Background: The assessment of the proliferation fraction is becoming more and more important; however, there is no consensus concerning optimal validation. Depending on the institute the proliferation fraction is determined either from a core biopsy (SB) or resection specimen (OP).
Patients and methods: The interobserver variability and the results of SB and OP were investigated whereby two pathologists independently estimated the proliferation fraction of 90 cases of invasive breast cancer. The results (Ki-67) were quantified, categorized, and compared.
Results: Identical (accuracy of 5% steps) results between the 2 pathologists were achieved in 43% (n=39) for SB, 47% (n=42) for OP and 60% (n=54) for SB versus OP. When categorizing the proliferation fraction (low ≤ 15%, moderate 20-30% and high ≥ 35%) the following results were achieved: 76% (n=68) for SB, 82% (n=74) for OP and 81% (n=73) for SB versus OP.

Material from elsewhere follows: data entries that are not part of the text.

(* Let $n\ge 3$, let $K$ be a field and $S_n$ as defined below. If $Q$ is a prime ideal of the monoid $S_n$, then $Q\supseteq a_1a_2\cdots a_nS_n$ and $K[Q]$ is a prime ideal of $K[S_n]$; moreover $K[S_n]/K[Q]$ is isomorphic to a prime monomial algebra.
   Context: For $n\ge 3$, $S_n$ denotes the monoid with generators $a_1,\dots,a_n$ and defining relations $a_1a_2\cdots a_n=a_{\sigma(1)}a_{\sigma(2)}\cdots a_{\sigma(n)}$ for all $\sigma$ in the cyclic subgroup of $\operatorname{Sym}_n$ generated by the cycle $(1,2,\dots,n)$. An ideal $Q\neq S$ of a monoid $S$ is prime if $aSb\subseteq Q$ with $a,b\in S$ implies $a\in Q$ or $b\in Q$. For an ideal $I$ of $S_n$, $K[I]$ denotes the $K$-linear span of $I$ in $K[S_n]$. A monomial algebra is a quotient of a free algebra $K\langle x_1,\dots,x_m\rangle$ by an ideal spanned by words. *)

theory Defs
  imports "HOL-Algebra.Algebra"
begin

text \<open>Generator a_(i+1) is encoded as the letter i, so words over a_1..a_n are
  lists over {..<n}; the word a_1 a_2 ... a_n is [0..<n]. The permutation
  (1 2 ... n)^k sends a_1...a_n to the rotated word rotate k [0..<n].\<close>

definition words :: "nat \<Rightarrow> nat list set" where
  "words n = {w. set w \<subseteq> {..<n}}"
(* Let $M,N$ be sharp, integral monoids, $\Gamma$ an $M$-metrised graph, $f:M\to N$ a monoid homomorphism, and $\Gamma'$ the edge contraction of $\Gamma$ along $f$. Then $\operatorname{dgon}(\Gamma')\le\operatorname{dgon}(\Gamma)$.
   Context: Monoids are commutative, sharp (only unit $0$), integral (cancellative), with groupification; $\langle m\rangle=\{km:k\in\mathbb Z\}$ and for $x=km$, $m\ne0$, $x/m:=k$. A graph is $(X,r,i)$, $X$ finite, $r$ idempotent, $i$ an involution, $i(x)=x\iff r(x)=x$; vertices $V$ = fixed points, half-edges $H=X\setminus V$, edges $\{e,i(e)\}$ joining $r(e),r(i(e))$, $H_v=\{e\in H:r(e)=v\}$; graphs are connected. An $M$-metrised graph adds $l:X\to M$ with $l(i(x))=l(x)$, $l(x)=0\iff x\in V$. Divisors: free abelian group on $V$, pointwise order; $\operatorname{Div}^k_+$ = effective divisors of degree $k$. $\operatorname{PL}(\Gamma)=\{g:V\to M^{gp}: g(r(e))-g(r(i(e)))\in\langle l(e)\rangle\ \forall e\in H\}$; $\Delta(g)=\sum_{v}\big(\sum_{e\in H_v}\frac{g(v)-g(r(i(e)))}{l(e)}\big)[v]$; $D\sim D'$ iff $D-D'\in\Delta(\operatorname{PL}(\Gamma))$; $|D|=\{E\ge0:E\sim D\}$; $r(D)=\max\{k\in\mathbb Z:|D-F|\ne\emptyset\ \forall F\in\operatorname{Div}^k_+(\Gamma)\}$; $\operatorname{dgon}(\Gamma)=\min\{\deg D: r(D)\ge1\}$. The edge contraction of $\Gamma$ along $f$ is the $N$-metrised graph obtained as the quotient of $X$ by the equivalence relation generated by $e\sim r(e)\sim i(e)\sim r(i(e))$ for every $e\in H$ with $f(l(e))=0$, with induced $r,i$ and length $f\circ l$. *)

theory Defs
  imports Main
begin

Conclusions: There was a clear interobserver variability (SB: kappa=0.32, OP: kappa=0.34) but this could be dramatically improved by forming proliferation categories (SB: kappa=0.62, OP: kappa=0.72, 60 versus 81%). In SB with a low proliferation fraction a repeated analysis in OPs can be advisable as a higher proliferation fraction is observed in up to 12% of OPs.